Melanin nanoparticles are supramolecular nanoparticles synthesized by the π-π conjugation of natural melanin analogs. A series of improvements have been made on the basis of the original synthesis method. MNPs can be uniformly dispersed in water, which is different from melanin. In addition, the surface of MNPs contains a large number of catechol groups, nitrogen atoms and carboxyl groups, which can efficiently adsorb metal ions. However, the surface properties of nanoparticles will change after adsorbing metal ions or other chemical groups, leading to particle polymerization. The stability of nanoparticles in solution can be greatly improved after modifying diamino polyethylene glycol (PEG) on the surface of MNPs by using a Michael addition reaction.

The synthetic route of 124I-PPMN is shown in Figure S2. TEM, DLS, FT-IR and 1H-NMR analyses were used to evaluate the nanoprobes. High-resolution TEM can clearly show the morphology and structure of nanoparticles. TEM images of MNPs and PSMA-PEG-MNPs are shown in Figures 1A and B. The MNPs were roundish, regular in size and well dispersed in aqueous solution. The core particle size was approximately 6 nm. There was no significant change in the morphology and structure of PSMA-PEG-MNPs after modification. DLS can detect the hydrated particle size of nanoparticles, which is more in line with the actual particle size of nanoparticles in solution. The hydroclynamic sizes of MNPs, PEG-MNPs and PSMA-PEG-MNPs are shown in Figure 1DF, with the statistics in Table 1. The hydration particle size of MNPs was approximately 6.42 ± 2.10 nm, and the PEG-MNPs reached 8.43 ± 3.16 nm after PEG modification. The hydration particle size of PSMA-PEG-MNPs increased to 13.65 ± 3.65 nm. Table 1 summarizes the hydrodynamic particle size of nanoparticles at different stages. It is noteworthy that the particle size of the final product 124I-PPMN decreased slightly compared with that of the PSMA-PEG-MNPs. This difference may be due to the slight change in the structure of nanoparticles during the labeling process of the 124I radionuclide, but the particle size of 12.73 ± 2.41 nm is still within the optimal particle size range (10–100 nm) for nanoparticle biological applications.23,24 Small nanoparticles can increase the uptake speed and metabolic rate in tumor sites.

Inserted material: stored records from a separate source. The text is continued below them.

lemma switch_at_exit:
  obtains k H0 where "bridge (pos G e2 s (lower m') chi) K k H0"
    and "entry G e2 (Lmax G) (fst (pos G e2 s (lower m') chi K), r) H0"
    and "\<And>t. switch_strat m' m2 (hist G e2 s (lower m') chi k @ t) = m2 (fst (pos G e2 s (lower m') chi K)) (H0 @ t)"
    and "\<And>i. i < k \<Longrightarrow> \<not> switched m' (hist G e2 s (lower m') chi i)"
proof -
  let ?p = "pos G e2 s (lower m') chi" and ?hist = "hist G e2 s (lower m') chi"
  obtain k H0 where B: "bridge ?p K k H0" and E: "entry G e2 (Lmax G) (fst (?p K), r) H0"
    and swK: "switch_at m' (?hist k) K" and lenK: "switch_len m' (?hist k) K = Suc k"
    and entK: "switch_entry m' (?hist k) K = H0"
    and nK: "k = Suc K \<Longrightarrow> \<not> switched m' (?hist K)"
  proof (cases "fst (?p K) \<in> Lmin G")
    case True
    then show ?thesis using that[OF exit_switch_min(1)] exit_switch_min(2-5) by simp
  next
    case False
    then show ?thesis using that[OF exit_switch_max(1,2)] exit_switch_max(3-6) by simp
  qed
  have Kk: "K \<le> k" "k \<le> Suc K" using B by (simp_all add: bridge_def)
  have first: "first_switch m' (?hist k) = K"
    by (rule first_switch_eq[OF swK]) (use exit_no_switch Kk in auto)
  have M: "switched m' (?hist k)"
    unfolding switched_def first
    using swK lenK entK exit_hist_length[OF Kk(2)] B by (auto simp: bridge_def last_hist)
  show ?thesis
  proof (rule that[OF B E])
    show "switch_strat m' m2 (?hist k @ t) = m2 (fst (?p K)) (H0 @ t)" for t
      using switch_strat_after[OF M, of m2 t] first lenK entK exit_hist_length[OF Kk(2)] exit_hist_take[OF Kk]
      by simp
    show "\<not> switched m' (?hist i)" if "i < k" for i
    proof (cases "i < K")
      case True
      moreover have "\<forall>n\<le>K. hist G' r (inl_st s) m' (lift chi) n = map inl_st (?hist n)"
        using X by (simp add: exits_at_def)
      ultimately show ?thesis using not_switched_before[OF legal legal' s_le _ before] by blast
    next
      case False
      then have "i = K" "k = Suc K" using that Kk by auto
      then show ?thesis using nK by simp
    qed
  qed
qed

text \<open>The cost of the switching strategy when the \<open>G'\<close>-play exits: after the bridge the play
  continues as a play of the near-optimal \<open>m2 l\<close>, so the cost exceeds the \<open>G'\<close>-cost by at most \<open>\<epsilon>\<close>.\<close>

lemma switch_exit_cost:
  assumes chi: "max_strat G e2 s chi" and legal_sw: "legal_play G e2 s (switch_strat m' m2) chi"
    and pK: "pos G e2 s (lower m') chi K = (l, y)"
    and m2: "min_strat G e2 (l, r) (m2 l)"
      "\<And>c. max_strat G e2 (l, r) c \<Longrightarrow> cost G e2 (l, r) (m2 l) c < ereal (V l + \<epsilon>)"
  shows "cost G e2 s (switch_strat m' m2) chi \<le> cost G' r (inl_st s) m' (lift chi) + ereal \<epsilon>"
proof -
  let ?mu = "switch_strat m' m2" and ?p = "pos G e2 s (lower m') chi"
  obtain k H0 where B: "bridge ?p K k H0" and E: "entry G e2 (Lmax G) (l, r) H0"
    and after: "\<And>t. ?mu (hist G e2 s (lower m') chi k @ t) = m2 l (H0 @ t)"
    and nsw: "\<And>i. i < k \<Longrightarrow> \<not> switched m' (hist G e2 s (lower m') chi i)"
    using switch_at_exit[of m2] pK by auto
  have agree_hist: "hist G e2 s ?mu chi n = hist G e2 s (lower m') chi n" if "n \<le> k" for n
    by (rule switch_strat_agrees) (use nsw that in auto)
  have agree: "pos G e2 s ?mu chi i = ?p i" if "i \<le> k" for i
    using agree_hist[OF that] by (simp add: pos_def)
  have ok: "\<not> at_goal G (pos G e2 s ?mu chi i) \<and> enabled G e2 (pos G e2 s ?mu chi i)" if "i \<le> K" for i
    using exit_ok[OF that] agree[of i] B that by (auto simp: bridge_def)
  have "cost G e2 s ?mu chi \<le>
      ereal (V l + (r - y) * real (rate G l) + price_upto G (pos G e2 s ?mu chi) K) + ereal \<epsilon>"
  proof (rule min_continuation[OF chi legal_sw _ E _ ok _ m2])
    show "bridge (pos G e2 s ?mu chi) K k H0" using bridge_cong[OF B agree] .
    show "pos G e2 s ?mu chi K = (l, y)" using agree[of K] B pK by (simp add: bridge_def)
    show "?mu (hist G e2 s ?mu chi k @ t) = m2 l (H0 @ t)" for t using after agree_hist[of k] by simp
  qed
  moreover have "price_upto G (pos G e2 s ?mu chi) K = price_upto G ?p K"
    by (rule price_upto_cong) (use agree B in \<open>auto simp: bridge_def\<close>)
  ultimately show ?thesis using exit_cost(3)[OF X legal' s_le pK] by simp
qed
end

Table 1 The Data of Hydrodynamic Sizes of Various Nanoprobe

Figure 1 Characterization of the nanoprobe. (A) TEM of MNPs (scale bar=100 nm). (B) TEM of PSMA-PEG-MNPs (scale bar=10 nm). (C) FT-IR spectra of MNPs (black line) and PSMA-PEG-MNPs (blue line) dispersed in aqueous solution. Hydrodynamic size distribution graphs of MNPs (D), PEG-MNPs (E) and PSMA-PEG-MNPs (F). (G) XPS of I-PSMA-PEG-MNPs. (H) 1H-NMR of PEG-MNPs.

Fourier transform infrared spectroscopy was used to detect the chemical structure changes of the nanoprobes. As shown in Figure 1C, the C–H stretching vibration peak at 2873 cm−1 and the C–O–C stretching vibration peak at 1052 cm−1 were the characteristic absorption peaks of PEG that appeared in PEG-MNPs. At the same time, the 1H-NMR results further verified the combination of PEG and MNPs (Figure 1H). The MNPs dispersed in D2O did not exhibit obvious signal peaks in the proton spectrum, which was because most conjugated main chains were buried inside the nanoparticles. The 3.6 ppm signal peak representing PEG (-OCH2CH2O-) proved that PEG was successfully modified on the surface of MNPs. In addition, the infrared spectrum of PSMA-PEG-MNPs showed a weak C–S single bond peak at 965 cm−1, and the inorganic peak at 518 cm−1 was considered to be from a small amount of metal contained in PBS solution. The results of infrared spectroscopy provide reference value for the successful construction of PSMA-PEG-MNPs. After the difference calculation of residual PEG-MNPs, it was obtained that approximately 15 PSMA-SH groups were bound on the surface of PEG-MNPs. X-ray photoelectron spectroscopy (XPS) was used to verify the elemental distribution of I-PSMA-PEG-MNPs. The results showed that the nanoprobe contained a large amount of iodine in addition to the elements in PSMA-PEG-MNPs (Figure 1G).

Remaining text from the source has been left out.